Hey r/LocalLlama! We're getting close to our last release of 2025! Thanks so much for all the support this year. The DeepSeek team back in Jan showcased how powerful FP8 RL can be with GRPO. Well, you can now try it on your local hardware using only 5GB VRAM! RTX 50x, 40x series all work!

Why should you do FP8 training?
NVIDIA's research finds FP8 training can match BF16 accuracy whilst getting 1.6x faster inference time. We collabed with TorchAO from PyTorch to introduce FP8 RL training, making FP8 GRPO possible on home GPUs with no accuracy loss!

Qwen3-4B FP8 GRPO works on just 6GB VRAM. Qwen3-1.7B on 5GB
1.4x faster RL training and 2× longer context vs BF16/FP16
60% less VRAM and 10× longer context than other FP8 RL implementations
Unsloth is the only framework that makes FP8 RL LoRA work on consumer GPUs (e.g. NVIDIA RTX 40 & 50 Series). Also runs on H100, H200, B200.
You may notice Unsloth now uses much less VRAM than before, enabling even longer context. We’re also implementing faster training soon. Blog coming soon
Our notebooks use 24GB L4s which fit Qwen3-14B as Tesla T4s don’t support FP8.
Our FP8 RL incorporates Unsloth’s weight sharing, Standby, Flex Attention + more.
Works on any NVIDIA RTX 40, 50 series and H100, B200 etc. GPUs
Use load_in_fp8 = True within FastLanguageModel to enable FP8 RL.
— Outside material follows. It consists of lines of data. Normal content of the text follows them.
(* The linear space $L^{(d-1)}$ is a relative $W_d(\mathbb C)$-section for the action of $O_d(\mathbb C)$ on $V$. More precisely, there exist rational invariants $f_1,\dots,f_d\in\mathbb C(V)^{O_d(\mathbb C)}$ such that, setting $$U_d(\mathbb C)=\Big\{(v,M)\in V:\ (v,M)\text{ is in the domain of each }f_k\text{ and }\prod_{k=1}^df_k(v,M)\neq0\Big\},$$ which is an invariant non-empty Zariski-open subset of $V$, the space $L^{(d-1)}$ intersects each orbit contained in $U_d(\mathbb C)$. Furthermore: $f_1=c_1^2+\dots+c_d^2$; $f_i|_{L^{(i-1)}}=c_{1(d-i+2)}^2+\dots+c_{(d-i+1)(d-i+2)}^2$ for $2\le i<d$; and $f_d|_{L^{(d-1)}}=c_{12}^2$.
   Context: Fix $d\ge2$. $V=\mathbb C^d\oplus\mathfrak{so}(d,\mathbb C)$ has elements $(v,M)$ with $v=(c_1,\dots,c_d)^\top$ and $M$ complex skew-symmetric with $M_{ij}=c_{ij}=-M_{ji}$ for $i<j$. $O_d(\mathbb C)=\{A\in\mathbb C^{d\times d}:AA^\top=I\}$ acts by $A\cdot(v,M)=(Av,AMA^\top)$. $L^{(1)}=\{(v,M):c_1=\dots=c_{d-1}=0\}$ and for $2\le i\le d-1$, $L^{(i)}=\{(v,M)\in L^{(i-1)}:c_{k(d-i+2)}=0,\ 1\le k\le d-i\}$; so $L^{(d-1)}$ consists of $(v,M)$ with $v=(0,\dots,0,c_d)$ and only $c_{12},c_{23},\dots,c_{(d-1)d}$ possibly nonzero in $M$. $W_d(\mathbb C)\subset O_d(\mathbb C)$ is the group of diagonal matrices with diagonal entries in $\{-1,1\}$. For a subgroup $N\subset G$ of a group acting rationally on a variety $X$, a subvariety $S\subset X$ is a relative $N$-section if there is a non-empty, $G$-invariant, Zariski-open $U\subset X$ such that $S$ intersects each orbit contained in $U$, and $N=\{n\in G:nS=S\}$. $\mathbb C(V)^{O_d(\mathbb C)}$ denotes the field of $O_d(\mathbb C)$-invariant rational functions on $V$. *)

theory Defs
  imports Complex_Main
begin

text \<open>Indices are 1-based: a point is a pair (v,M) with
  v :: nat => complex supported on {1..d} (v i = c_i) and M :: nat => nat => complex a
  skew-symmetric matrix supported on {1..d} x {1..d} (M i j = c_ij for i < j).\<close>

type_synonym pt = "(nat \<Rightarrow> complex) \<times> (nat \<Rightarrow> nat \<Rightarrow> complex)"
type_synonym mat = "nat \<Rightarrow> nat \<Rightarrow> complex"

definition Vsp :: "nat \<Rightarrow> pt set" where
  "Vsp d = {(v, M). (\<forall>i. i \<notin> {1..d} \<longrightarrow> v i = 0)
                  \<and> (\<forall>i j. M i j = - M j i)
                  \<and> (\<forall>i j. i \<notin> {1..d} \<or> j \<notin> {1..d} \<longrightarrow> M i j = 0)}"

definition Od :: "nat \<Rightarrow> mat set" where
  "Od d = {A. (\<forall>i j. i \<notin> {1..d} \<or> j \<notin> {1..d} \<longrightarrow> A i j = 0)
            \<and> (\<forall>i\<in>{1..d}. \<forall>j\<in>{1..d}. (\<Sum>k=1..d. A i k * A j k) = (if i = j then 1 else 0))}"

definition Wd :: "nat \<Rightarrow> mat set" where
  "Wd d = {A. (\<forall>i j. i \<notin> {1..d} \<or> j \<notin> {1..d} \<longrightarrow> A i j = 0)
            \<and> (\<forall>i j. i \<noteq> j \<longrightarrow> A i j = 0)
            \<and> (\<forall>i\<in>{1..d}. A i i = 1 \<or> A i i = -1)}"

definition act :: "nat \<Rightarrow> mat \<Rightarrow> pt \<Rightarrow> pt" where
  "act d A x = ((\<lambda>i. \<Sum>k=1..d. A i k * fst x k),
                (\<lambda>i j. \<Sum>k=1..d. \<Sum>l=1..d. A i k * snd x k l * A j l))"

definition orbit :: "nat \<Rightarrow> pt \<Rightarrow> pt set" where
  "orbit d x = (\<lambda>A. act d A x) ` Od d"
lemma twice_size_le_max_core_size:
  assumes "finite B" "0 < s" "0 \<notin> B" "triple_closed s B"
  shows "twice_size B \<le> 2 * int (max_core_size s)"
proof -
  obtain L where "admissible_profile s L (level_profile B s)" "\<And>k. L \<le> k \<Longrightarrow> level B s k = {}"
    using admissible_level_profile[OF assms] by blast
  then show ?thesis
    using twice_size_le_energy[OF assms(1,2)] energy_le_max_core_size by (meson order_trans)
qed

section \<open>The extremal set\<close>

text \<open>The beta-set of the largest core: level k holds the residues 2k + 1, ..., s - 1.\<close>
definition staircase_set :: "nat \<Rightarrow> nat set" where
  "staircase_set s = {k * s + r | k r. 2 * k + 1 \<le> r \<and> r < s}"

lemma level_staircase_set: "level (staircase_set s) s k = {2 * k + 1..<s}"
  unfolding level_def staircase_set_def by (auto 4 3 dest: uniq_divmod)

lemma zero_notin_staircase_set: "0 \<notin> staircase_set s"
  unfolding staircase_set_def by auto

lemma finite_staircase_set: "finite (staircase_set s)"
proof (rule finite_subset[of _ "{..<s * s}"])
  show "staircase_set s \<subseteq> {..<s * s}"
  proof
    fix b assume "b \<in> staircase_set s"
    then obtain k r where b: "b = k * s + r" "2 * k + 1 \<le> r" "r < s"
      unfolding staircase_set_def by auto
    then have "Suc k * s \<le> s * s" by (intro mult_le_mono1) simp
    then show "b \<in> {..<s * s}" using b by simp
  qed
qed simp

lemma triple_closed_staircase_set: "triple_closed s (staircase_set s)"
  unfolding triple_closed_def sub_closed_def
proof (intro conjI ballI impI)
  have step: "b - t \<in> staircase_set s"
    if b: "b \<in> staircase_set s" and t: "s \<le> t" "t \<le> s + 2" "t \<le> b" for b t
  proof -
    obtain k r where kr: "b = k * s + r" "2 * k + 1 \<le> r" "r < s"
      using b unfolding staircase_set_def by auto
    obtain k' where k': "k = Suc k'" using kr t by (cases k) auto
    have "b - t = k' * s + (r - (t - s))" "2 * k' + 1 \<le> r - (t - s)" "r - (t - s) < s"
      using kr k' t by auto
    then show ?thesis unfolding staircase_set_def by blast
  qed
  fix b assume "b \<in> staircase_set s"
  then show "s \<le> b \<Longrightarrow> b - s \<in> staircase_set s"
    and "s + 1 \<le> b \<Longrightarrow> b - (s + 1) \<in> staircase_set s"
    and "s + 2 \<le> b \<Longrightarrow> b - (s + 2) \<in> staircase_set s" by (auto intro: step)
qed

lemma twice_size_staircase_set:
  assumes "0 < s"
  shows "twice_size (staircase_set s) = 2 * int (max_core_size s)"
proof -
  have "twice_size (staircase_set s) = energy s (s div 2) (level_profile (staircase_set s) s)"
    by (rule twice_size_eq_energy[OF finite_staircase_set assms])
       (auto simp: level_staircase_set)
  also have "\<dots> = energy s (s div 2) (\<lambda>k. int s - 1 - 2 * int k)"
    by (rule energy_cong) (auto simp: level_profile_def level_staircase_set of_nat_diff)
  also have "\<dots> = 2 * int (max_core_size s)" by (rule energy_staircase)
  finally show ?thesis .
qed

lemma triple_core_iff:
  assumes "0 < s"
  shows "is_s_triple_core s p \<longleftrightarrow> partition p \<and> triple_closed s (beta_set p)"
  unfolding is_s_triple_core_def triple_closed_def using is_core_iff_sub_closed assms by auto

theorem corollary3p5:
  fixes s :: nat
  assumes "0 < s"
  shows "is_max_triple_core_size s
    (if odd s then (let m = (s + 1) div 2 in m * ((m + 1) choose 3))
     else (let m = s div 2 in (m + 1) * ((m + 1) choose 3) + ((m + 2) choose 3)))"
proof -
  obtain p where p: "partition p" "beta_set p = staircase_set s"
    using beta_set_surj[OF finite_staircase_set zero_notin_staircase_set] by blast
  have "is_s_triple_core s p" "psize p = max_core_size s"
    using p triple_core_iff[OF assms] triple_closed_staircase_set
      twice_size_staircase_set[OF assms] twice_size_beta_set[OF p(1)] by auto
  moreover have "psize q \<le> max_core_size s" if "is_s_triple_core s q" for q
  proof -
    have q: "partition q" "triple_closed s (beta_set q)" using that triple_core_iff[OF assms] by auto
    have "finite (beta_set q)" unfolding beta_set_def by simp
    then show ?thesis
      using twice_size_le_max_core_size[OF _ assms zero_notin_beta_set[OF q(1)] q(2)]
        twice_size_beta_set[OF q(1)] by simp
  qed
  ultimately show ?thesis
    unfolding is_max_triple_core_size_def max_core_size_def[symmetric] by blast
qed

end
lemma isolating_through_Fc_vertex:
  assumes i: "i < q" and x: "x \<in> verts (Fc i)"
  shows "isolating G F (insert x (v ` ({..<q} - {i})))"
proof -
  let ?D = "insert x (v ` ({..<q} - {i}))"
  let ?R = "closed_nbhd G ?D"
  have D: "?D \<subseteq> verts G"
    using x verts_Fc_subset[OF i] verts_T_subset by (auto simp: verts_T)
  obtain x' where x': "x' \<noteq> x" "{x, x'} \<in> edges (Fc i)"
    using Fc_neighbour[OF i x] by blast
  have "\<not> contains_copy (induced G (verts G - ?R)) F"
  proof (rule no_copy_in_remainder)
    show "\<exists>a b. a \<noteq> b \<and> {a, b} \<subseteq> constituent j \<inter> ?R" if j: "j < q" for j
    proof (cases "j = i")
      case True
      have "x' \<in> verts (Fc i)"
        using x' wf_graph_edge_subset[OF wf_Fc[OF i]] by blast
      then have "x' \<in> ?R"
        using closed_nbhdI[of x ?D x' G] x' edges_Fc_subset[OF i] verts_Fc_subset[OF i] by blast
      with True x x' \<open>x' \<in> verts (Fc i)\<close> show ?thesis
        using closed_nbhd_subset[of ?D G] by (intro exI[of _ x] exI[of _ x']) (auto simp: constituent_def)
    next
      case False
      with j show ?thesis
        by (intro constituent_hit_at_quotient_vertex[of _ ?D]) auto
    qed
    show "verts T - {v i} \<subseteq> ?R"
      using closed_nbhd_subset[of ?D G] by (auto simp: verts_T)
  qed
  with D show ?thesis
    by (simp add: isolating_def)
qed

lemma card_through_Fc_vertex:
  assumes i: "i < q" and x: "x \<in> verts (Fc i)"
  shows "card (insert x (v ` ({..<q} - {i}))) = q"
proof -
  have "x \<notin> v ` ({..<q} - {i})"
    using x Fc_T_disjoint[OF i] by (auto simp: verts_T)
  then show ?thesis
    using card_other_quotient_verts[OF i] q_pos by simp
qed

lemma min_isolating_through:
  assumes x: "x \<in> verts G"
  shows "\<exists>D. min_isolating G F D \<and> x \<in> D"
proof (cases "x \<in> verts T")
  case True
  then show ?thesis
    using isolating_verts_T card_verts_T iota_G by (auto simp: min_isolating_def)
next
  case False
  then obtain i where "i < q" "x \<in> verts (Fc i)"
    using x verts_G by blast
  then show ?thesis
    using isolating_through_Fc_vertex card_through_Fc_vertex iota_G
    by (intro exI[of _ "insert x (v ` ({..<q} - {i}))"]) (simp add: min_isolating_def)
qed

lemma quotient_vertex_dominated:
  assumes q: "2 \<le> q" and i: "i < q"
  shows "v i \<in> closed_nbhd G (v ` ({..<q} - {i}))"
proof -
  obtain l where l: "l < q" "l \<noteq> i"
    using q i by (metis One_nat_def less_2_cases less_le_trans not_less_eq numeral_2_eq_2 zero_less_Suc)
  have "v l \<noteq> v i"
    using l i inj_v by (auto dest: inj_onD)
  then obtain z where z: "{v i, z} \<in> edges T"
    using connected_graph_neighbour[of T "v i" "v l"] tree_T v_in_T i l by (auto simp: is_tree_def)
  then have "z \<in> verts T" "z \<noteq> v i"
    using wf_T by (auto simp: wf_graph_def doubleton_eq_iff)
  then have "z \<in> v ` ({..<q} - {i})"
    by (auto simp: verts_T)
  moreover have "{z, v i} \<in> edges G"
    using z by (simp add: edges_G insert_commute)
  ultimately show ?thesis
    using v_in_T[OF i] verts_T_subset by (blast intro: closed_nbhdI)
qed

lemma isolating_delete_vertex_through:
  assumes q: "2 \<le> q" and i: "i < q" and x: "x \<in> verts (Fc i)"
  shows "isolating (delete_vertex G x) F (v ` ({..<q} - {i}))"
proof (rule isolating_delete_vertexI)
  let ?D = "v ` ({..<q} - {i})"
  let ?R = "insert x (closed_nbhd G ?D)"
  show "?D \<subseteq> verts G - {x}"
    using x Fc_T_disjoint[OF i] verts_T_subset by (auto simp: verts_T)
  note vi = quotient_vertex_dominated[OF q i]
  show "\<not> contains_copy (induced G (verts G - ?R)) F"
  proof (rule no_copy_in_remainder)
    show "\<exists>a b. a \<noteq> b \<and> {a, b} \<subseteq> constituent j \<inter> ?R" if j: "j < q" for j
    proof (cases "j = i")
      case True
      with x vi v_notin_Fc[OF i i] show ?thesis
        by (intro exI[of _ x] exI[of _ "v i"]) (auto simp: constituent_def)
    next
      case False
      with j show ?thesis
        by (intro constituent_hit_at_quotient_vertex[of _ ?D]) auto
    qed
    show "verts T - {v i} \<subseteq> ?R"
      using closed_nbhd_subset[of ?D G] by (auto simp: verts_T)
  qed
qed

lemma representation_at_pendant:
  assumes q: "q = 1" and x: "x \<in> verts (Fc 0)" and copy: "contains_copy (delete_vertex G x) F"
  shows "\<exists>y. special_rep m F G 1 ({x}, {}) (\<lambda>_. x) (\<lambda>_. delete_vertex G x) (\<lambda>_. y)"
proof -
  have "edges T = {}"
    using wf_T q by (fastforce simp: wf_graph_def verts_T)
  then have edges_G1: "edges G = insert {v 0, w 0} (edges (Fc 0))"
    using q by (simp add: edges_G lessThan_Suc)
  have "{v 0, w 0} \<notin> edges (Fc 0)"
    using q v_notin_Fc wf_graph_edge_subset[OF wf_Fc] by blast
  then have card_E: "card (edges G) = Suc (card (edges F))"
    using q edges_G1 wf_graph_finite_edges[OF wf_Fc] card_edges_Fc by simp
  have card_V: "card (verts G) = Suc (card (verts F))"
    using q verts_G_constituents card_constituent by (simp add: lessThan_Suc)
  obtain x' where "{x, x'} \<in> edges (Fc 0)"
    using Fc_neighbour q x by auto
  then have e: "{x, x'} \<in> edges G" "x \<in> {x, x'}"
    using q edges_Fc_subset by auto
  note pendant = delete_vertex_contains_copy_pendant[OF wf_F wf_G card_V card_E e copy]
  obtain y where y: "y \<noteq> x" "y \<in> verts G" "edges G = insert {x, y} (edges (delete_vertex G x))"
    using pendant(2) by blast
  have x_G: "x \<in> verts G"
    using q x verts_Fc_subset by auto
  have one: "{..<1::nat} = {0}"
    by auto
  have V: "{x} \<union> (\<Union>i<(1::nat). verts (delete_vertex G x)) = verts G"
    using x_G by (auto simp: one)
  have E: "{} \<union> (\<Union>i<(1::nat). edges (delete_vertex G x) \<union> {{x, y}}) = edges G"
    using y(3) by (auto simp: one)
  show ?thesis
    unfolding special_rep_def verts_pair edges_pair
  proof (intro exI[of _ y] conjI)
    show "m + 1 = 1 * (card (edges F) + 2)"
      using m_eq q by simp
    show "G = ({x} \<union> (\<Union>i<(1::nat). verts (delete_vertex G x)),
              {} \<union> (\<Union>i<(1::nat). edges (delete_vertex G x) \<union> {{x, y}}))"
      unfolding V E by (rule graph_eq_pair)
  qed (use is_tree_singleton pendant(1) y(1,2) in \<open>auto simp: lessThan_Suc\<close>)
qed

lemma iota_delete_vertex:
  assumes x: "x \<in> verts G"
    and not_quotient: "\<forall>q' T' v' Fc' w'. special_rep m F G q' T' v' Fc' w' \<longrightarrow> x \<notin> verts T'"
  shows "iota (delete_vertex G x) F = q - 1"
proof -
  have "x \<notin> verts T"
    using not_quotient rep by blast
  then obtain i where i: "i < q" "x \<in> verts (Fc i)"
    using x verts_G by blast
  have "iota (delete_vertex G x) F \<le> q - 1"
  proof (cases "q = 1")
    case True
    with i have "\<not> contains_copy (delete_vertex G x) F"
      using representation_at_pendant not_quotient by fastforce
    then have "isolating (delete_vertex G x) F {}"
      by (simp add: isolating_def delete_vertex_def induced_def)
    with True show ?thesis
      using iota_le by fastforce
  next
    case False
    with q_pos have "2 \<le> q"
      by simp
    then show ?thesis
      using iota_le[OF isolating_delete_vertex_through[OF _ i]] card_other_quotient_verts[OF i(1)]
      by simp
  qed
  moreover have "q \<le> iota (delete_vertex G x) F + 1"
    using iota_le_iota_delete_vertex[OF nonempty_verts_F x] iota_G by simp
  ultimately show ?thesis
    by linarith
qed

end

lemma min_isolating_add_edge:
  assumes wf: "wf_graph F" and iso: "isomorphic (add_edge F e) G" and x: "x \<in> verts G"
  shows "min_isolating G F {x}"
proof -
  obtain g where "graph_iso (add_edge F e) G g"
    using iso by (auto simp: isomorphic_def)
  then have bij: "bij_betw g (verts F) (verts G)" and E: "edges G = (`) g ` insert e (edges F)"
    by (simp_all add: graph_iso_def add_edge_def)
  have "contains_copy G F"
    unfolding contains_copy_def
    using bij E by (intro exI[of _ g]) (auto simp: bij_betw_def)
  moreover have "finite (verts G)"
    using bij wf by (metis bij_betw_finite wf_graph_def)
  moreover have "card (verts G) \<le> card (verts F)"
    using bij_betw_same_card[OF bij] by simp
  ultimately show ?thesis
    using min_isolating_singleton[OF wf _ _ _ x] by blast
qed

lemma min_isolating_through_any_vertex:
  fixes F :: "'b graph" and G :: "'a graph"
  assumes wf_F: "wf_graph F" and dominating_F: "dominating_vertex_exists F" and edge_F: "edges F \<noteq> {}"
    and G: "(\<exists>m. pure_special m F G) \<or> (\<exists>e. complement_edge F e \<and> isomorphic (add_edge F e) G)"
    and x: "x \<in> verts G"
  shows "\<exists>D. min_isolating G F D \<and> x \<in> D"
  using G
proof
  assume "\<exists>m. pure_special m F G"
  then obtain m q T v Fc w where "special_rep m F G q T v Fc w"
    unfolding pure_special_def by blast
  then interpret pure_special_rep m F G q T v Fc w
    using wf_F dominating_F edge_F by unfold_locales
  show ?thesis
    using min_isolating_through[OF x] .
next
  assume "\<exists>e. complement_edge F e \<and> isomorphic (add_edge F e) G"
  then show ?thesis
    using min_isolating_add_edge[OF wf_F _ x] by blast
qed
You can read our blogpost for our findings and more: https://docs.unsloth.ai/new/fp8-reinforcement-learning

Llama 3.2 1B FP8 Colab Notebook: https://colab.research.google.com/github/unslothai/notebooks/blob/main/nb/Llama_FP8_GRPO.ipynb

In the notebook, you can plug in any of our previous reward functions or RL environment examples, including our auto kernel creation and our 2048 game notebooks. To enable fp8:

import os; os.environ['UNSLOTH_VLLM_STANDBY'] = "1" # Saves 30% VRAM
from unsloth import FastLanguageModel
model, tokenizer = FastLanguageModel.from_pretrained(
    model_name = "unsloth/Qwen3-8B",
    max_seq_length = 2048,
    load_in_4bit = False, # False for LoRA 16bit
    fast_inference = True, # Enable vLLM fast inference
    max_lora_rank = 32,
    load_in_fp8 = True, # Float8 RL / GRPO!
)

Hope you all have a lovely Thanksgiving, a lovely rest of the week and I'll be here to answer any and all questions! =)

[-]

SykenZy@reddit

This is awesome, will check it as soon as docker image is out....

Is there a plan to support diffusion models? Flux 2.0 is out but FP16 is like 64 GB, FP4 with unsloth performance improvements might be awesome

[-]

exaknight21@reddit

As someone who is a complete fan on unsloth, qwen3:4b (specifically), AND a proud owner of my twins (2x3060 @ 12 GB)... I am looking forward to playing with this and actually contributing to the community. I have about 200 GB of construction data that I plan on using for Fine Tuning using LIMA approach.

[-]

markovianmind@reddit

mind sharing what you assist of data is and what you plan on doing with it

[-]

exaknight21@reddit

All in due time friend. It’s raw and confidential data, but construction related. Immediate project is a complete self hosted RAG app, currently in a non-LocalLLaMA state.

[-]

ANR2ME@reddit

I wondered why did they didn't mentioned RTX 30 series 🤔

Works on any NVIDIA RTX 40, 50 series and H100, B200 etc. GPUs

[-]

exaknight21@reddit

It’s the slow bandwidth and lack of NVLink. AI Researchers are not going to use a 3060 to work with the insane requirements of a model. 3090s have higher bandwidth and NVLink hence why it is worth a shot for them to at least try, which I think is what daniel is trying to do.

In any event. Probably a cause for povertyAI.

I was able to fine tune a model, I dont know what model, as a test on my 3060 set up - so it is not “impossible”, i used QLoRA at the time from unsloth. I’m working on a RAG App right now, but as I learn, I will share my approaches. It was a dataset of 10 “items”, and it took about 2 mins to fine tune… not to scale my memory is essentially Q1.5 right now.

[-]

ItsAMeUsernamio@reddit

Hardware FP8 support was added with the 40 series.

Similarly Hardware FP4 was added with the 50 series and will give a big leap in performance with Pytorch 2.10.

[-]